Ein Klassiker, erschienen 1857 und zunächst umstritten wegen einiger anstößiger Szenen.
Die Handlung, salopp zusammengefasst: Romantisch-schwärmerisch-naive Bauerntochter heiratet den erstbesten, der vorbeikommt, nämlich den Landarzt Bovary. Das Eheleben ist schnell ernüchternd, die Sehnsüchte nach wahrer Liebe, Reichtum und einem Dasein als Frau von Welt bleiben. Madame Bovary fühlt sich zu Leon hingezogen, der ähnlich wie sie schöngeistige Gedanken hegt. Es bleibt beim Schwärmen. Als Rodolphe, ein erfahrener Schürzenjäger, auftaucht, schafft er es mit Leichtigkeit, Emma Bovary zu erobern. Später taucht Leon wieder auf und diesmal bleibt es nicht beim schwärmerischen Entsagen. Emma, überfordert und schwankend zwischen Schwärmereien, der Suche nach Glück und der Flucht vor der kleinstädtischen Enge, verstrickt sich heillos und gibt mehr Geld aus als vorhanden. Das führt zur Katastrophe ...
Die Nebenfiguren (der Händler Lheureux, der Apotheker als Freund und Konkurrent, der Pfarrer) sind treffend gezeichnet und liefern ein überzogenes Abbild des ländlichen Lebens und der Versuche nach Höherem zu streben.
Warum hat dieser Roman soviel Aufsehen erregt?
Ich denke, eine Frau auf dem Weg ins Verderben zu zeigen, war 1857 ein Riesenskandal. Auch dürften die Nebenfiguren eine Reihe von Leuten geärgert haben, denen Flaubert einen Spiegel vorhält: Der Apotheker, dem mit seinem kindischen Streben nach Ruhm und schnellem wissenschaftlichem Erfolg jedes Mittel recht ist, der Pfarrer, der kein Ohr für echte Nöte und Gewissenskonflikte seiner Gemeindemitglieder hat, die Vertreter der Landwirtschaft, die einen Kongress abhalten, der Slapstickelemente enthält, die Reichen, die zwar über Besitz, nicht aber über Verstand verfügen. Die Hauptpersonen Emma und ihr Gatte sind übrigens auch keine Leute mit Verstand und Vorbildcharakter, Flaubert lässt sie re-agieren und überlässt sie zufälligen Begegnungen und Schicksalsschlägen.

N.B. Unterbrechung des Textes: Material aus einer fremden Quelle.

(* Let $x\in S\setminus W$ and $y\in S\setminus(W\cup\{x\})$. For each $\lambda\ge0$, the Perron roots $\rho(D(\lambda))$, $\rho(D(x;\lambda))$ and $\rho(D(x,y;\lambda))$ are simultaneously greater than $1$, equal to $1$, or less than $1$.
   Context: CBP setting. $S$ finite or countable; $\eta$ irreducible continuous-time Markov chain on $S$ with conservative infinitesimal matrix $Q=(q(x,y))$ ($q(x,y)\ge0$ for $x\ne y$, $q(x,x)\in(-\infty,0)$, row sums $0$). Distinct catalysts $W=\{w_1,\dots,w_N\}\subset S$; for $k\le N$, $\beta_k>0$, $\alpha_k\in[0,1)$, and $f_k$ the generating function of a nonnegative integer random variable with $f_k'(1)<\infty$. Hitting times under taboo: for $u,v\in S$, $H\subset S$, ${}_H\overline\tau_{u,v}$ is the time spent by $\eta$ started at $u$, after leaving $u$, until the first hitting of $v$ if $H$ is not visited before; otherwise $\infty$. ${}_H\overline F_{u,v}$ is its improper distribution function and ${}_H\overline F^*_{u,v}(\lambda)=\int_{0-}^\infty e^{-\lambda t}d\,{}_H\overline F_{u,v}(t)$, $\lambda\ge0$. For a finite set $V=\{v_1,\dots,v_n\}\subset S$ of distinct points with parameters $\alpha_i,\beta_i,f_i$ attached, define the $n\times n$ matrix $D_V(\lambda)$ with entries $\delta_{i,j}\alpha_if_i'(1)G_i^*(\lambda)+(1-\alpha_i)G_i^*(\lambda)\,{}_{V\setminus\{v_j\}}\overline F^*_{v_i,v_j}(\lambda)$. Then $D(\lambda)=D_W(\lambda)$ with $G_i^*(\lambda)=\beta_i/(\lambda+\beta_i)$ for $i\le N$. Set $w_{N+1}=x$, $w_{N+2}=y$, $\alpha_{N+1}=\alpha_{N+2}=0$, $f'_{N+1}(1)=f'_{N+2}(1)=0$, $G_{N+1}^*(\lambda)=-q(x,x)/(\lambda-q(x,x))$, $G^*_{N+2}(\lambda)=-q(y,y)/(\lambda-q(y,y))$; $D(x;\lambda)=D_{W\cup\{x\}}(\lambda)$ (size $N+1$) and $D(x,y;\lambda)=D_{W\cup\{x,y\}}(\lambda)$ (size $N+2$). $\rho(A)$ denotes the Perron root of an irreducible nonnegative matrix $A$. *)

theory Defs
  imports "HOL-Probability.Probability" "Jordan_Normal_Form.Spectral_Radius"
begin

definition conservative_Q :: "('s \<Rightarrow> 's \<Rightarrow> real) \<Rightarrow> bool" where
  "conservative_Q q \<longleftrightarrow>
     (\<forall>a b. a \<noteq> b \<longrightarrow> q a b \<ge> 0) \<and> (\<forall>a. q a a < 0) \<and>
     (\<forall>a. ((\<lambda>b. q a b) has_sum 0) UNIV)"

definition irreducible_Q :: "('s \<Rightarrow> 's \<Rightarrow> real) \<Rightarrow> bool" where
  "irreducible_Q q \<longleftrightarrow> (\<forall>a b. (a, b) \<in> {(c, d). c \<noteq> d \<and> q c d > 0}\<^sup>*)"

definition jump_prob :: "('s \<Rightarrow> 's \<Rightarrow> real) \<Rightarrow> 's \<Rightarrow> 's \<Rightarrow> real" where
  "jump_prob q a b = (if a = b then 0 else q a b / (- q a a))"

text \<open>Contribution of the jump path u, z_1, ..., z_(k-1), v (zs = [z_1,...,z_(k-1)]) to the
  Laplace transform of the time spent after leaving u until hitting v: the product of
  the jump probabilities times the Laplace transforms -q(z,z)/(lam - q(z,z)) of the
  exponential holding times in the intermediate states.\<close>
definition path_weight :: "('s \<Rightarrow> 's \<Rightarrow> real) \<Rightarrow> 's \<Rightarrow> 's list \<Rightarrow> 's \<Rightarrow> real \<Rightarrow> real" where
  "path_weight q u zs v lam =
     (let p = u # zs @ [v] in
       (\<Prod>i<length p - 1. jump_prob q (p ! i) (p ! Suc i)) *
       (\<Prod>z\<leftarrow>zs. (- q z z) / (lam - q z z)))"

text \<open>Laplace--Stieltjes transform of the improper distribution of the taboo hitting time
  H-tau_{u,v}:  E_u[exp(-lam * tau); tau < infinity], where tau is the time spent after
  leaving u until the first hit of v, and tau = infinity if H is visited (after leaving u)
  before v.  Computed via the jump-hold description of the (minimal) chain.\<close>
definition taboo_Fstar :: "('s::countable \<Rightarrow> 's \<Rightarrow> real) \<Rightarrow> 's set \<Rightarrow> 's \<Rightarrow> 's \<Rightarrow> real \<Rightarrow> real" where
  "taboo_Fstar q H u v lam =
     enn2real (\<integral>\<^sup>+ zs. ennreal (path_weight q u zs v lam)
                 \<partial>count_space {zs. \<forall>z\<in>set zs. z \<notin> H \<and> z \<noteq> v})"

text \<open>D_V(lam) for V = {v 0, ..., v (n-1)} (0-based indices), with parameters
  alpha i, mean offspring m i = f_i'(1) and transforms G i lam.\<close>
definition D_mat :: "('s::countable \<Rightarrow> 's \<Rightarrow> real) \<Rightarrow> nat \<Rightarrow> (nat \<Rightarrow> 's) \<Rightarrow> (nat \<Rightarrow> real)
     \<Rightarrow> (nat \<Rightarrow> real) \<Rightarrow> (nat \<Rightarrow> real \<Rightarrow> real) \<Rightarrow> real \<Rightarrow> real mat" where
  "D_mat q n v alpha m G lam =
     mat n n (\<lambda>(i, j). (if i = j then alpha i * m i * G i lam else 0)
        + (1 - alpha i) * G i lam * taboo_Fstar q (v ` {..<n} - {v j}) (v i) (v j) lam)"

text \<open>Generating-function derivative at 1 = mean of the offspring law.\<close>
definition gf_deriv1 :: "nat pmf \<Rightarrow> real" where
  "gf_deriv1 p = measure_pmf.expectation p real"

definition perron_root :: "real mat \<Rightarrow> real" where
  "perron_root A = spectral_radius (map_mat complex_of_real A)"

end

theory Submission
  imports Defs
begin

text \<open>Let \<open>z\<close> be a state outside the finite set \<open>V\<close>, attached with \<open>\<alpha> = 0\<close> and the Laplace
  transform \<open>g(z)\<close> of its holding time. Cutting the jump paths from \<open>v\<^sub>i\<close> to \<open>v\<^sub>j\<close> that avoid
  \<open>V - {v\<^sub>j}\<close> at their first visit to \<open>z\<close> gives
  \<open>F\<^sub>V(u,v) = F\<^sub>V\<^sub>+\<^sub>z(u,v) + F\<^sub>V\<^sub>+\<^sub>z(u,z) g(z) F\<^sub>V(z,v)\<close>; solving this at \<open>u = z\<close> shows
  that \<open>D\<^sub>V\<close> is the stochastic complement of \<open>D\<^sub>V\<^sub>+\<^sub>z\<close> at \<open>z\<close>. Its pivot
  \<open>g(z) F\<^sub>V\<^sub>+\<^sub>z(z,z)\<close> is the weight of returning to \<open>z\<close> before reaching \<open>V\<close>, which is
  below 1 by irreducibility.

  For a nonnegative matrix with pivot below 1, the Collatz--Wielandt characterisation
  \<open>\<rho>(A) < r \<longleftrightarrow> A u < r u\<close> for some \<open>u > 0\<close> transfers subinvariant vectors between the
  matrix and its stochastic complement, so both have Perron root below 1, or both at most 1,
  simultaneously. Adding first \<open>x\<close> and then \<open>y\<close> to \<open>W\<close> gives the theorem.\<close>

section \<open>Nonnegative matrices and subinvariant vectors\<close>

definition nonneg_mat :: "real mat \<Rightarrow> bool" where
  "nonneg_mat A \<longleftrightarrow> (\<forall>i<dim_row A. \<forall>j<dim_col A. 0 \<le> A $$ (i,j))"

Ich hatte zunächst einige Schwierigkeiten, das Buch zu lesen, weil von Anfang an klar war, dass Madame Bovary zielstrebig, entschuldigt den Ausdruck, in die Scheiße reitet und ich öfter das Bedürfnis hatte, das Mädel wachzurütteln. Mit etwas Abstand – schließlich handelt es sich nur um ein Buch – verging dieses Gefühl und der Lesegenuss überwog. Flaubert ist ein ausgezeichneter „Maler“, er beschreibt Gegenden, die Atmosphäre eines Hauses, den Charakter der einzelnen Figuren mit Liebe zum Detail.
Madame Bovary ist mehrfach verfilmt worden – ich weiß noch nicht, ob ich den Leseeindruck mit einem Film verwässere oder bereichere. Wenn jemand von euch mit einem Film Erfahrung gemacht hat, sagt bitte Bescheid, mich interessiert eure Meinung.
Ein Makel: Ich nörgle gern über schludrige Übersetzungen. Madame Bovary ist häufig neu übersetzt worden, meine Ausgabe (übersetzt von Ilse Perker und Ernst Sander) ist weder schlecht noch gut, sie ist eine von vielen. Das Ärgerliche an der französischen Sprache ist für mich die unzureichende Übertragbarkeit. Ein Beispiel: Der Satz „On parle“ ist wörtlich mit „Man redet“ idiotisch übersetzt, erfordert interpretierendes Übersetzen: Sie reden – Alle reden – Es wird geredet.
Aus diesem Grund habe ich eine gekürzte Ausgabe in der Originalsprache parallel gelesen und bin im Nachhinein zufrieden.
Reclam Universal-Bibliothek: Madame Bovary, Èdition abrégée, ISBN 3-15-009142-X
In einer alten Ausgabe der Fischer-Bücherei des Wissens (TB von 1969, Interpretationen VI, Französische Literatur von Beaumarchais bis Camus, keine ISBN) habe ich noch einen Beitrag zu Madame Bovary gefunden, der Hintergrundinformationen liefert.